**EXERCISE DIRECTIONS:** Copying exactly, give the lines in the material below from the one with "thus ?thesis by (simp add: abs_mult" to the one with "g k \<noteq>", ends included, and nothing besides.

=== Begin Enclosure ===

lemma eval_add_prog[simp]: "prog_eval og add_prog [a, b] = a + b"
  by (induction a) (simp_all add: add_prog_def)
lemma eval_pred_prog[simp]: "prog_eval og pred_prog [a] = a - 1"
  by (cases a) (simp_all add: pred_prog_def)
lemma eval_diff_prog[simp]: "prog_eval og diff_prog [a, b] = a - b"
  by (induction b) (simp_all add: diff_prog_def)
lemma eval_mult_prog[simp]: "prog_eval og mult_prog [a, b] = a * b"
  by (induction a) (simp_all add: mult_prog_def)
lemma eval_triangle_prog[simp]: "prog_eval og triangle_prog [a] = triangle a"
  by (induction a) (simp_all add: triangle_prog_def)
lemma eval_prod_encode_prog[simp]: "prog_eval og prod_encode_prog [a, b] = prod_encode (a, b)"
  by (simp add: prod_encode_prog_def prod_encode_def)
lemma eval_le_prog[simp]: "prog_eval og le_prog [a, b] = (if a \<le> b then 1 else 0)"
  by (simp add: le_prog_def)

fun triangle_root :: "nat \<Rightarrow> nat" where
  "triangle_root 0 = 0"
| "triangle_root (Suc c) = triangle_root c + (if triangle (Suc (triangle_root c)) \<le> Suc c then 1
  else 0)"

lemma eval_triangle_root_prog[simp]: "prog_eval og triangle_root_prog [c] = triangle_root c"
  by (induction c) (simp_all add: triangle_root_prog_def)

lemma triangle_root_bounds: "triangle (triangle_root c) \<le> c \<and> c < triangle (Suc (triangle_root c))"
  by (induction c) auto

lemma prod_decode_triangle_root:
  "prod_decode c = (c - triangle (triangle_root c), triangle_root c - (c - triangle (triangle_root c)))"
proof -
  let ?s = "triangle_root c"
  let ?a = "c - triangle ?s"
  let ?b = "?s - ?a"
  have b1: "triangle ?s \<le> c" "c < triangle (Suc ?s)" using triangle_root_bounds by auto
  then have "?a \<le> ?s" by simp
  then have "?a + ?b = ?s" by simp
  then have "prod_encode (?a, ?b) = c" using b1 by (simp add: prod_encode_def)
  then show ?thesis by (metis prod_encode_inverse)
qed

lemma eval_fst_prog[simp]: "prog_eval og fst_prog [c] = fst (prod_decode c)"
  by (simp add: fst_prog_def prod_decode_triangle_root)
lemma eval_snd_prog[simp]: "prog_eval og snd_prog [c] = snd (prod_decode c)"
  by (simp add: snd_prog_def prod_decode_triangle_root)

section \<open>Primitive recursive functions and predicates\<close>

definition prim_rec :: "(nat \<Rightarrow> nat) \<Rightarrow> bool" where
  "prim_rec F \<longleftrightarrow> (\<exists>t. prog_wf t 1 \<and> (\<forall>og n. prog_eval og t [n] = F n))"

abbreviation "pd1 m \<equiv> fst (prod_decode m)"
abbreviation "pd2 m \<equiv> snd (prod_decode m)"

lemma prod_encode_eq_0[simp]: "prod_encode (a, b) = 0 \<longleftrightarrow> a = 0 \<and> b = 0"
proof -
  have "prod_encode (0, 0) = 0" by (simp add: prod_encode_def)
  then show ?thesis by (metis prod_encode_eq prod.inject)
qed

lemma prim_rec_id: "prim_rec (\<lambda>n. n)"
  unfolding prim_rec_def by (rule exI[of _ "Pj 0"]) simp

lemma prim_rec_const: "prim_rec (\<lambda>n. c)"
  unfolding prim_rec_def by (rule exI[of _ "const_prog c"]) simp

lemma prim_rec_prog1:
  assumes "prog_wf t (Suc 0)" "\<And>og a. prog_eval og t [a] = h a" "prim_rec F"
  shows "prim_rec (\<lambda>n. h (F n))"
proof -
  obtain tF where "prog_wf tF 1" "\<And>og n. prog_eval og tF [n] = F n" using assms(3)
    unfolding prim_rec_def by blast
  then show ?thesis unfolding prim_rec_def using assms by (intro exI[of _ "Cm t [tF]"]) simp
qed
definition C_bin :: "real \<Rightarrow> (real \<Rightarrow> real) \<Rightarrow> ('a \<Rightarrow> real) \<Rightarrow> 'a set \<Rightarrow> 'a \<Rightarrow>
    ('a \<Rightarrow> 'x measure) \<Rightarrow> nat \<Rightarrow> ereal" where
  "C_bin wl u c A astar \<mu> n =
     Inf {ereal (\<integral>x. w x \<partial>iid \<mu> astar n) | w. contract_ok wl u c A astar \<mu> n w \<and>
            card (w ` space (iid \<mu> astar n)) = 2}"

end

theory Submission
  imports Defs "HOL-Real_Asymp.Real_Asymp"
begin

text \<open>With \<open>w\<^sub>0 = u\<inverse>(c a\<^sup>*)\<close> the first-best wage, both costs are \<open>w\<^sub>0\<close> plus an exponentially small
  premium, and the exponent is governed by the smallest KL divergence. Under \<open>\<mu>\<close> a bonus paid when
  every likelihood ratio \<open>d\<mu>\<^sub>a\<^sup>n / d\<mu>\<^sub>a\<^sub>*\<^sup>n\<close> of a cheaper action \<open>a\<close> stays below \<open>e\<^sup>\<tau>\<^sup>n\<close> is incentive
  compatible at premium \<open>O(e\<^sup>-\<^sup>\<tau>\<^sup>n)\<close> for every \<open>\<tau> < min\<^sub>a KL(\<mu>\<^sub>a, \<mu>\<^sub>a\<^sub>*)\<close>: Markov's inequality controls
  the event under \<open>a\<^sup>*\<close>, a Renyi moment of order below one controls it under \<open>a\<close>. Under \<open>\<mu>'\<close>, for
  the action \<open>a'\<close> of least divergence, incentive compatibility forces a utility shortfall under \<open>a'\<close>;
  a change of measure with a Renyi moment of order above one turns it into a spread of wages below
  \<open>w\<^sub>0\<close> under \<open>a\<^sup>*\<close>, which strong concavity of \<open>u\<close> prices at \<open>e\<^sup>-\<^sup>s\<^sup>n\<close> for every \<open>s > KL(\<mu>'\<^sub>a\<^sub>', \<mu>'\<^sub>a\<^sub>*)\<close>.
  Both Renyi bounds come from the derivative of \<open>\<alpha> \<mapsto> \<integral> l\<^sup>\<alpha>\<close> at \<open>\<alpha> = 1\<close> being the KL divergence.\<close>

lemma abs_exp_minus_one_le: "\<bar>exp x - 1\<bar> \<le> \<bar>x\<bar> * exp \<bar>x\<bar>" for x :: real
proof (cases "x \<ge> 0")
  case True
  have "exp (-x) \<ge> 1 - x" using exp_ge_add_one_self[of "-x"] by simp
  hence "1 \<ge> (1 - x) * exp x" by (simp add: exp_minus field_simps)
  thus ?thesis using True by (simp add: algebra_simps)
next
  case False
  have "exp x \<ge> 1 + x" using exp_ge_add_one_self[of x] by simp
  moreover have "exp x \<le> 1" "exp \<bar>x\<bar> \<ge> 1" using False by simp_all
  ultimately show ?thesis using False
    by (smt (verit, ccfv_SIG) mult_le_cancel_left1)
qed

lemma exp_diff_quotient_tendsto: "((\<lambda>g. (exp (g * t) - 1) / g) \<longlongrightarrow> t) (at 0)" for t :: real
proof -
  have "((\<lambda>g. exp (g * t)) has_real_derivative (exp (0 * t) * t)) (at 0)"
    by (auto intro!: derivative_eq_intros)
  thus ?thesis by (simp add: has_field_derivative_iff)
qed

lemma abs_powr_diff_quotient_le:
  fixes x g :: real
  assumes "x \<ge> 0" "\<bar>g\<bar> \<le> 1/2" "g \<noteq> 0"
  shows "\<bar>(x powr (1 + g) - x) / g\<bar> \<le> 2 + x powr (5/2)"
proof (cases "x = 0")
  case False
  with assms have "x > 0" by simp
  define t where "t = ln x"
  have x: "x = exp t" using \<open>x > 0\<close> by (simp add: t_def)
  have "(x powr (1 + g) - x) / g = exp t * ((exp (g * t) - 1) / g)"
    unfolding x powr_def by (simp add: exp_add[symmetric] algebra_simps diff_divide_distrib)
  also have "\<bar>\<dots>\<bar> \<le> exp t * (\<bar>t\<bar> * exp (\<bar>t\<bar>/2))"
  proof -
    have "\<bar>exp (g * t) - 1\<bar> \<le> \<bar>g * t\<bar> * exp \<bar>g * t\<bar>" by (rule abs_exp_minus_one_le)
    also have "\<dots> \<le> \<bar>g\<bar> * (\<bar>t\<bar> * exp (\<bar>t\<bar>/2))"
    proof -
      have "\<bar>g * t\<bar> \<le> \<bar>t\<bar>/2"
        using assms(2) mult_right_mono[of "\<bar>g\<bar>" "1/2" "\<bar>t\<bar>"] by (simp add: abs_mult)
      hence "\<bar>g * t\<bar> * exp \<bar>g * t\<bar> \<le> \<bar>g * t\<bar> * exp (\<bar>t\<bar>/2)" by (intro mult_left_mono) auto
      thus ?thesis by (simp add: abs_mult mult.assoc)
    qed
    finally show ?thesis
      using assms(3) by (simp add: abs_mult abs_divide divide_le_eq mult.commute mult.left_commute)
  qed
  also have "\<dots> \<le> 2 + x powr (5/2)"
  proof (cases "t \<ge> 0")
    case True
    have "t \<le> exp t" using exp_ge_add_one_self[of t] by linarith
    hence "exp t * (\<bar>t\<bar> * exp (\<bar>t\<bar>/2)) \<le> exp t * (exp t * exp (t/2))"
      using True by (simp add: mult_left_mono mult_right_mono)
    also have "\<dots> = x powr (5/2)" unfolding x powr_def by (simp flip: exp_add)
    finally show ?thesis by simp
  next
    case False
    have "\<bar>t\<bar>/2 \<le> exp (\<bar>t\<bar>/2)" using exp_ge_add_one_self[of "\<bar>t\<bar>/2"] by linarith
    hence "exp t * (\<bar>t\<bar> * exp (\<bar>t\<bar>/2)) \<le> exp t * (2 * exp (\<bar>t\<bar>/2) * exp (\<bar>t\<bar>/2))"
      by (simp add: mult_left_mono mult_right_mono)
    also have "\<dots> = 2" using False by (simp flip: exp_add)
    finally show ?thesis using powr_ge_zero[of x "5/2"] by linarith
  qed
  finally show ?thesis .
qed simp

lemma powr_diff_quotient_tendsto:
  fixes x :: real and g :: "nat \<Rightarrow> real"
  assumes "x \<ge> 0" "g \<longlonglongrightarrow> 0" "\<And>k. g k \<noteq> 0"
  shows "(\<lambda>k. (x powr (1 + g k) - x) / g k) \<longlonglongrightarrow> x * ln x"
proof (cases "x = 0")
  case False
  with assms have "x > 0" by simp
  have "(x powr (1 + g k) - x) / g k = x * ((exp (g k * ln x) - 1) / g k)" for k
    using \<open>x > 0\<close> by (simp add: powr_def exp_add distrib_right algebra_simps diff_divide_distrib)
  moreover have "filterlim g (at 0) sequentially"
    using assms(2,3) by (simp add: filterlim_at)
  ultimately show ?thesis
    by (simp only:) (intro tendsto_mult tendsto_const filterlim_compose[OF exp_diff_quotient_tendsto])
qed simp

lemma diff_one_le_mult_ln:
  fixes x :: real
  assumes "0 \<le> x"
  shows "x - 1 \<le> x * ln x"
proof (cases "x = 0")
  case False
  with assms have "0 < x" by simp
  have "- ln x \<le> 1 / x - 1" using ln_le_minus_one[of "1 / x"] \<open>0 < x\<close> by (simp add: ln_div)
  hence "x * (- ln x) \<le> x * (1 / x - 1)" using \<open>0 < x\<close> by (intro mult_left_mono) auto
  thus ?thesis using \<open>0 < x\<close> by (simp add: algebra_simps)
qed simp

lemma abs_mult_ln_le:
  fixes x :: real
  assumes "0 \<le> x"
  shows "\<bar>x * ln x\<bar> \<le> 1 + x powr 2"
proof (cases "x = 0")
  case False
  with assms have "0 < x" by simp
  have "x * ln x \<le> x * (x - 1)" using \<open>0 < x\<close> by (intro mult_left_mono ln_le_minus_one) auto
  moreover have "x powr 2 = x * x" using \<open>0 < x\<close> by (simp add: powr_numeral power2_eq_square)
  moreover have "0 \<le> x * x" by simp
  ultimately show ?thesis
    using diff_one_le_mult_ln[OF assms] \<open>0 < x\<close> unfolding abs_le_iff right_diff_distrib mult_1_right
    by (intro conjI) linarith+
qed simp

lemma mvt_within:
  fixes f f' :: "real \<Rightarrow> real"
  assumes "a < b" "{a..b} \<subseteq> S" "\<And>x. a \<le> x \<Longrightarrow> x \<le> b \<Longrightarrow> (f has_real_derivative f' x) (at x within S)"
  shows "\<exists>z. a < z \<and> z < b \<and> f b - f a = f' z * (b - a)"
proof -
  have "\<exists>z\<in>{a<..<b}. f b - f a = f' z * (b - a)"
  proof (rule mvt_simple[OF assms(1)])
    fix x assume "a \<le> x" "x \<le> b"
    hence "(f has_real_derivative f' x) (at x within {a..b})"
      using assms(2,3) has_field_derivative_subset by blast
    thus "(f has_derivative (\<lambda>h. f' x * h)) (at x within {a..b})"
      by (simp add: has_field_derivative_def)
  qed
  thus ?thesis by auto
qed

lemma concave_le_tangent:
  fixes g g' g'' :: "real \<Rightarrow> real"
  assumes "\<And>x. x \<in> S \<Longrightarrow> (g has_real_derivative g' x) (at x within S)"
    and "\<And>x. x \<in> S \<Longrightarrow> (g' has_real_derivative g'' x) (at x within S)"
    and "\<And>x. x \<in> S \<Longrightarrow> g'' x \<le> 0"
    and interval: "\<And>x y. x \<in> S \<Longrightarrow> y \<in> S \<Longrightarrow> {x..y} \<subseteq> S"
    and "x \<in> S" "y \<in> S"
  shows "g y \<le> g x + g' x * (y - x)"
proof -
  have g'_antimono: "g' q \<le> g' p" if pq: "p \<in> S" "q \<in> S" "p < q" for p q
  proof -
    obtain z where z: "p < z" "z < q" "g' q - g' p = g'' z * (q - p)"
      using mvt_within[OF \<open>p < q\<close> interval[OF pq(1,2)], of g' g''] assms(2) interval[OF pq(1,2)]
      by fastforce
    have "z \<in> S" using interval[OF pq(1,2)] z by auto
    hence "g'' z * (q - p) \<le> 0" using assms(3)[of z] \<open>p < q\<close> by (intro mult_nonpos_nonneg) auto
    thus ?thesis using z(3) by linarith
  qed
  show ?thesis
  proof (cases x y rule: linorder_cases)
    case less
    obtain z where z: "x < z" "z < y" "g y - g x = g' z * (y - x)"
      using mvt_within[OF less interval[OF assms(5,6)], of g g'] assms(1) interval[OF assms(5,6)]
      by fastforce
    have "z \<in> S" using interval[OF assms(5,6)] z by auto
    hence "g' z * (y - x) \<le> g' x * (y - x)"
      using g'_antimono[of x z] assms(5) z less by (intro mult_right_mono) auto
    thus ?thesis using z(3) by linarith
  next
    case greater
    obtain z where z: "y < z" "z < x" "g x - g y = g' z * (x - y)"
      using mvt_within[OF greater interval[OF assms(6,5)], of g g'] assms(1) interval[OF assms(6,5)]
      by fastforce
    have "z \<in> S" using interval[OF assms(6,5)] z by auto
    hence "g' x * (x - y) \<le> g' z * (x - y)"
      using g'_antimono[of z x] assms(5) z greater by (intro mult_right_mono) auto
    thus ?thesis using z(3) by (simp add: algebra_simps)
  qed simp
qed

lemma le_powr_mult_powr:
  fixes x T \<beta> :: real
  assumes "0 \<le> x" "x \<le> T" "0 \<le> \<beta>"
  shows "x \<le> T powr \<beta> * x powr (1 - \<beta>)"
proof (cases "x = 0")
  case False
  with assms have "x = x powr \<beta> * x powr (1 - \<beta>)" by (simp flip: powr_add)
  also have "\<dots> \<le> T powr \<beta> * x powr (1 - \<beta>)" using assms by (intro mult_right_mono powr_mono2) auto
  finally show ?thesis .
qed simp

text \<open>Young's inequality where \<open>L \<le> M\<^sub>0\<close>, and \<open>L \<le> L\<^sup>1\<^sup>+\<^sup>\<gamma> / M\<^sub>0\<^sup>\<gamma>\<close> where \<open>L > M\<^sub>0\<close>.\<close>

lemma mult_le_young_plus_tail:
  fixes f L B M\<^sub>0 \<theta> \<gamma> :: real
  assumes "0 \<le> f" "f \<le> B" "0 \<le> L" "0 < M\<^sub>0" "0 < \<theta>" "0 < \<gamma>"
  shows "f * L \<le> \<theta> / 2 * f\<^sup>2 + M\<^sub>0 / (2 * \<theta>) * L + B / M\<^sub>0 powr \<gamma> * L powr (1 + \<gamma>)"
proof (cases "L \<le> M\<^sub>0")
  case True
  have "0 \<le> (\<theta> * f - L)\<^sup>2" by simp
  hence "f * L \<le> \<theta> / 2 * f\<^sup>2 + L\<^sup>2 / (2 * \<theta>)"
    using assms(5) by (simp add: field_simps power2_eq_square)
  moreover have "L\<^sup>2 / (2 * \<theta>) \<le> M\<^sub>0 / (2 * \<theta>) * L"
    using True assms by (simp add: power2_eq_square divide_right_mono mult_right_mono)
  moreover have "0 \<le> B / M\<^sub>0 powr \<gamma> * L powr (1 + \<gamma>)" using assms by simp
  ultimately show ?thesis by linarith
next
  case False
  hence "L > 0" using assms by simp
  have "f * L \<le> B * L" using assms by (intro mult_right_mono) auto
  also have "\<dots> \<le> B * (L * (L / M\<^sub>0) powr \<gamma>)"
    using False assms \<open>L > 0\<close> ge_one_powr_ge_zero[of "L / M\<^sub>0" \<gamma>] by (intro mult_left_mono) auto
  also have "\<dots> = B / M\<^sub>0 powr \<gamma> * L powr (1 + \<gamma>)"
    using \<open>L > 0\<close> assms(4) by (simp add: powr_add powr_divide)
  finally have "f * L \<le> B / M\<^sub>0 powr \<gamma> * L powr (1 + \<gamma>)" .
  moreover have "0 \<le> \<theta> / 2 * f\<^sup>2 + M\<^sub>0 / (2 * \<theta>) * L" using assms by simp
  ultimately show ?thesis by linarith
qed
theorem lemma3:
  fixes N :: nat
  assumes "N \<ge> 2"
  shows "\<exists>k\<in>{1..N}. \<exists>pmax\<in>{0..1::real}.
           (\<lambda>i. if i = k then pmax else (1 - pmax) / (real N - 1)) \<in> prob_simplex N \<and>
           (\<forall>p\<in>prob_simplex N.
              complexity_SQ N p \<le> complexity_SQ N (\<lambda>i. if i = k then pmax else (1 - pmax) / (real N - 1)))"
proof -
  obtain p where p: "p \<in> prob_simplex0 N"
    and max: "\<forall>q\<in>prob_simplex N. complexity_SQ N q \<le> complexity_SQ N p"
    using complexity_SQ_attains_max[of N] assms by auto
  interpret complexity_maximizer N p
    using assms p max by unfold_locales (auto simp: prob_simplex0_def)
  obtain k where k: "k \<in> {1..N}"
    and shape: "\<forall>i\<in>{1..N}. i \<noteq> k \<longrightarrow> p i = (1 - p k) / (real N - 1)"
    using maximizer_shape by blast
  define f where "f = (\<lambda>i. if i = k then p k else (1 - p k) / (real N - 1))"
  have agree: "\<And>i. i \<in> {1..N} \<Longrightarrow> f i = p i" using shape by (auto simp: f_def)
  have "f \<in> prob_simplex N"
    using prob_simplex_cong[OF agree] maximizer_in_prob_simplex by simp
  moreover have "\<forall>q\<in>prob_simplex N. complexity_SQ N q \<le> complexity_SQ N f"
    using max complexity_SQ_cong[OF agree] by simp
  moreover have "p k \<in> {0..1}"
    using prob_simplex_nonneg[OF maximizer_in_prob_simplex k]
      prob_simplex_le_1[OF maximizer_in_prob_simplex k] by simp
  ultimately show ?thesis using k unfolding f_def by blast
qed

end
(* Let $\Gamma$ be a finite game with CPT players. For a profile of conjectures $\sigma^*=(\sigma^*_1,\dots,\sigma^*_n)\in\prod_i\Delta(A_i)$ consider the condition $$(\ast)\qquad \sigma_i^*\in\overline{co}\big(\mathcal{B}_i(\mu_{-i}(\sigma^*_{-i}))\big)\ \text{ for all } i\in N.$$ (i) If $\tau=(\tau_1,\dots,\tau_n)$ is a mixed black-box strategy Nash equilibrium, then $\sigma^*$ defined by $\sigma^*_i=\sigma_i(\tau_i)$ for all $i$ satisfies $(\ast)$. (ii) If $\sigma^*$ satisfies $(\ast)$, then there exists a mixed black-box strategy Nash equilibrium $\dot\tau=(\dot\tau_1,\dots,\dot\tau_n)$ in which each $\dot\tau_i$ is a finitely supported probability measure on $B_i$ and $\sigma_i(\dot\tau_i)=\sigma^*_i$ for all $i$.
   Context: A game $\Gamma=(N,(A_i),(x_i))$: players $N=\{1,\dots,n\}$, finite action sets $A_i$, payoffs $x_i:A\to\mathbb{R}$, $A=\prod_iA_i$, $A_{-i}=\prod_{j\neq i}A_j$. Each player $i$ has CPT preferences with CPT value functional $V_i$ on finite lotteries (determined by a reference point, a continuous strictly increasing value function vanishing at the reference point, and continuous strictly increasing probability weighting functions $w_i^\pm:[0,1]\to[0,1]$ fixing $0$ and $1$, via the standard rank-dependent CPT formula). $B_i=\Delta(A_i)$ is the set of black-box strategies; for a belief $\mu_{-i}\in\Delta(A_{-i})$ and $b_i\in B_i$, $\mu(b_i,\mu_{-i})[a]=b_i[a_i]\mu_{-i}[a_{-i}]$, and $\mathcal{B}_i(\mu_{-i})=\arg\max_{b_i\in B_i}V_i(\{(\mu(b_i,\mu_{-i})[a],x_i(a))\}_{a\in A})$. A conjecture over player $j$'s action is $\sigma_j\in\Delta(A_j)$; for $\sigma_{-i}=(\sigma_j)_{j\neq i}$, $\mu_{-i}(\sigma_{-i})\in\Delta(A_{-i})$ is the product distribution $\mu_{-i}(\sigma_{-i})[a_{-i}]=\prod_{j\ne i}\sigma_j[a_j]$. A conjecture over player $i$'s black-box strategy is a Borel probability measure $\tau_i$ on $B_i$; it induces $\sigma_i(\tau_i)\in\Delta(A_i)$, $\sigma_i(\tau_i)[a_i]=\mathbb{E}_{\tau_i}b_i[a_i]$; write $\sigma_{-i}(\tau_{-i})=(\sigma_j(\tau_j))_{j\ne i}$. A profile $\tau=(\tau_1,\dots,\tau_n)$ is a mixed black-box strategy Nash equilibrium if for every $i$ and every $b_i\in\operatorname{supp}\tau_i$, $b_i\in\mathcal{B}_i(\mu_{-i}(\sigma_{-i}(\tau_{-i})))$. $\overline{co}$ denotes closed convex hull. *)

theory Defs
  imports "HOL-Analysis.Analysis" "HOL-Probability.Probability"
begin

=== End Enclosure ===

**THE ANSWER:**
      thus ?thesis by (simp add: abs_mult mult.assoc)
    qed
    finally show ?thesis
      using assms(3) by (simp add: abs_mult abs_divide divide_le_eq mult.commute mult.left_commute)
  qed
  also have "\<dots> \<le> 2 + x powr (5/2)"
  proof (cases "t \<ge> 0")
    case True
    have "t \<le> exp t" using exp_ge_add_one_self[of t] by linarith
    hence "exp t * (\<bar>t\<bar> * exp (\<bar>t\<bar>/2)) \<le> exp t * (exp t * exp (t/2))"
      using True by (simp add: mult_left_mono mult_right_mono)
    also have "\<dots> = x powr (5/2)" unfolding x powr_def by (simp flip: exp_add)
    finally show ?thesis by simp
  next
    case False
    have "\<bar>t\<bar>/2 \<le> exp (\<bar>t\<bar>/2)" using exp_ge_add_one_self[of "\<bar>t\<bar>/2"] by linarith
    hence "exp t * (\<bar>t\<bar> * exp (\<bar>t\<bar>/2)) \<le> exp t * (2 * exp (\<bar>t\<bar>/2) * exp (\<bar>t\<bar>/2))"
      by (simp add: mult_left_mono mult_right_mono)
    also have "\<dots> = 2" using False by (simp flip: exp_add)
    finally show ?thesis using powr_ge_zero[of x "5/2"] by linarith
  qed
  finally show ?thesis .
qed simp

lemma powr_diff_quotient_tendsto:
  fixes x :: real and g :: "nat \<Rightarrow> real"
  assumes "x \<ge> 0" "g \<longlonglongrightarrow> 0" "\<And>k. g k \<noteq> 0"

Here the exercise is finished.